Der BGH (a.a.O.) fasst zunächst seine Grundsätze zur Sachverhandlung i.S.d. § 229 StPO zusammen (vgl. u.a. BGH, NStZ 2018, 297, 298 = StRR 3/2018, 17; NStZ 2014, 220; NStZ 2012, 343 = StRR 2012, 224; BGH, NStZ 2008, 115 = StRR 2008, 103). Fazit daraus ist, dass es auf jeden Fall gegen § 229 StPO verstößt, wenn aus dem gesamten Verfahrensgang erkennbar wird, dass das Gericht mit der Verhandlung nicht die substantielle Förderung des Verfahrens bezweckt, sondern allein die Wahrung der Unterbrechungsfrist im Auge hat (BGH NStZ-RR 2022, 383).

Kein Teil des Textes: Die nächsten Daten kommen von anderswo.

(* Let $\Pi$ be a finite, satisfiable set of linear constraints over the variables $x_1,\dots,x_D$ (each of the form $\sum_k w_k x_k + b \unrhd 0$ with $\unrhd\in\{\ge,>\}$), and let $\mathrm{CL}$ be the constraint layer built from $\Pi$ and the variable ordering $x_1,\dots,x_D$ as described in the context. Then for every sample $\tilde x\in\mathbb{R}^D$ (and every admissible choice of the $\epsilon$ values), $\mathrm{CL}(\tilde x)$ satisfies every constraint in $\Pi$. Consequently, for any generative model $m$ producing samples in $\mathbb{R}^D$, the model C-$m$ obtained by applying $\mathrm{CL}$ to every output of $m$ is compliant with $\Pi$, i.e. all samples it generates satisfy $\Pi$.
   Context: A constraint is a linear inequality $\phi:\ \sum_{k=1}^D w_k x_k + b \unrhd 0$ with $w_k,b\in\mathbb{R}$ and $\unrhd\in\{\ge,>\}$; it is strict if $\unrhd$ is $>$. A point $\tilde x\in\mathbb{R}^D$ satisfies $\phi$ if $\sum_k w_k\tilde x_k+b\unrhd 0$, and satisfies a set $\Pi$ if it satisfies every member; $\Pi$ is satisfiable if some point satisfies it. Variable $x_j$ appears positively (resp. negatively) in $\phi$ if $w_j>0$ (resp. $w_j<0$). For a set $\Gamma$ of constraints, $\Gamma^+_j$ (resp. $\Gamma^-_j$) is the subset in which $x_j$ appears positively (resp. negatively). Reduction: for $\phi^1=\sum_k w^1_kx_k+b^1\unrhd^1 0\in\Gamma^-_j$ and $\phi^2=\sum_k w^2_kx_k+b^2\unrhd^2 0\in\Gamma^+_j$, $red_j(\phi^1,\phi^2)$ is $\sum_{k\ne j}(w^1_k|w^2_j|+w^2_k|w^1_j|)x_k + b^1|w^2_j|+b^2|w^1_j| \unrhd 0$, where $\unrhd$ is $\ge$ if both $\unrhd^1,\unrhd^2$ are $\ge$, and $>$ otherwise. Sets $\Pi_i$: $\Pi_D=\Pi$, and for $i<D$, with $j=i+1$, $\Pi_i=(\Pi_j\setminus(\Pi^-_j\cup\Pi^+_j))\cup\{red_j(\phi^1,\phi^2):\phi^1\in\Pi^-_j,\phi^2\in\Pi^+_j\}$, where $\Pi^\pm_j$ means $(\Pi_j)^\pm_j$. (Thus only $x_1,\dots,x_i$ occur in $\Pi_i$; we write $\Pi_i^\pm$ for $(\Pi_i)^\pm_i$.) For $\phi=\sum_kw_kx_k+b\unrhd0$ with $w_i\neq0$, let $\varepsilon^\phi_i=-\sum_{k\ne i}(w_k/w_i)x_k-b/w_i$; for $\phi\in\Pi_i$ it depends only on $x_1,\dots,x_{i-1}$, and $\phi\in\Pi_i^+$ is equivalent to $x_i-\varepsilon_i^\phi\unrhd0$, $\phi\in\Pi_i^-$ to $\varepsilon_i^\phi - x_i\unrhd 0$. Constraint layer: given $\tilde x\in\mathbb{R}^D$, $\mathrm{CL}(\tilde x)\in\mathbb{R}^D$ is computed coordinatewise for $i=1,\dots,D$. Let $\varepsilon^\phi_i(\mathrm{CL}(\tilde x))$ denote $\varepsilon^\phi_i$ evaluated at the already computed values $\mathrm{CL}(\tilde x)_1,\dots,\mathrm{CL}(\tilde x)_{i-1}$, and set $ub_i=\min\{\varepsilon^\phi_i(\mathrm{CL}(\tilde x)):\phi\in\Pi_i^-\}$, $lb_i=\max\{\varepsilon^\phi_i(\mathrm{CL}(\tilde x)):\phi\in\Pi_i^+\}$ (with $\min\emptyset=+\infty$, $\max\emptyset=-\infty$). Then $\mathrm{CL}(\tilde x)_i=\min^i(\max^i(\tilde x_i,lb_i),ub_i)$, where $\max^i(a,lb_i)$ equals $v=\max(a,lb_i)$ unless some strict $\phi\in\Pi_i^+$ has $v=\varepsilon^\phi_i(\mathrm{CL}(\tilde x))$, in which case it equals $v+\epsilon$ for a chosen $\epsilon>0$ small enough that $lb_i+\epsilon< ub_i$; symmetrically $\min^i(a,ub_i)$ equals $u=\min(a,ub_i)$ unless some strict $\phi\in\Pi_i^-$ has $u=\varepsilon^\phi_i(\mathrm{CL}(\tilde x))$, in which case it equals $u-\epsilon$ for a chosen $\epsilon>0$ small enough that $ub_i-\epsilon>lb_i$. The chosen positive numbers are called the $\epsilon$ values used to compute $\mathrm{CL}(\tilde x)$. *)

theory Defs
  imports Complex_Main "HOL-Library.Extended_Real"
begin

Daran gemessen hatte der BGH (a.a.O.) gegen die Verfahrensweise des LG durchgreifende rechtliche Bedenken. Es könne dahinstehen, ob es an einzelnen Verhandlungstagen überhaupt nicht zu Verfahrensvorgängen kam, die das Verfahren inhaltlich auf den abschließenden Urteilsspruch förderten. Denn selbst wenn an allen Sitzungstagen Verfahrenshandlungen vorgenommen wurden, die grds. zur Unterbrechung der Fristen des § 229 StPO geeignet gewesen seien, so sei aus dem gesamten Verfahrensgang erkennbar, dass das LG dabei zumindest an sieben Verhandlungstagen nur der äußeren Form nach tätig wurde zu dem Zweck, die Vorschrift zu umgehen, und dass der Gesichtspunkt der Verfahrensförderung dahinter als bedeutungslos zurücktrat. Die Verfahrensweise des LG in den Jahren 2018, 2019 und 2020 belege, dass es ihm in dieser Zeit im Wesentlichen nicht um die substanzielle Förderung des Verfahrens, sondern allein um die Wahrung der Unterbrechungsfrist ging. Dadurch habe ersichtlich eine Aussetzung der Hauptverhandlung vermieden werden sollen, obwohl das LG aufgrund des am 20.7.2017 gestellten Antrags etwa drei Jahre lang damit befasst gewesen sei, außerhalb der Hauptverhandlung die Buchhaltung des Angeklagten nach seinen Vorgaben aufbereiten und mehrere alternative Schadensberechnungen erstellen zu lassen. Um die Hauptverhandlung trotz der Verzögerungen fortzuführen, habe das LG die Unterbrechungsfristen des § 229 StPO über Jahre hinweg ausgereizt und die Verhandlung zeitlich dermaßen gestreckt, dass die jährliche Verhandlungsdauer kaum über diejenige eines einzigen gewöhnlichen Sitzungstages hinausging. Im Jahr 2018 habe das LG – verteilt auf 19 Sitzungstage – insgesamt nur siebeneinhalb Stunden verhandelt und in den Jahren 2019 und 2020 war die gesamte Verhandlungsdauer mit fünfeinhalb bzw. sechseinhalb Stunden noch kürzer, verteilt auf 17 bzw. 16 Tage. Gegenstand der Verhandlung sei zumeist der Stand der Dinge betreffend die außerhalb der Hauptverhandlung stattfindenden Vorgänge der Aufarbeitung der Buchhaltung des Angeklagten und der Erstellung der alternativen Schadensberechnung gewesen.

Hinweis:

Der BGH geht ja manchmal mit dem Begriff der „Sachverhandlung“ recht großzügig um, aber hier war es ihm dann wohl doch zu viel. Denn m.E. lag es auf der Hand, dass es hier nicht mehr um Verfahrensförderung gegangen ist, sondern allein darum, die Aussetzung der Hauptverhandlung zu verhindern. Wahrscheinlich wäre es insgesamt schneller gegangen, wenn 2017 die Hauptverhandlung ausgesetzt und nach zügigen Nachermittlungen dann neu begonnen worden wäre.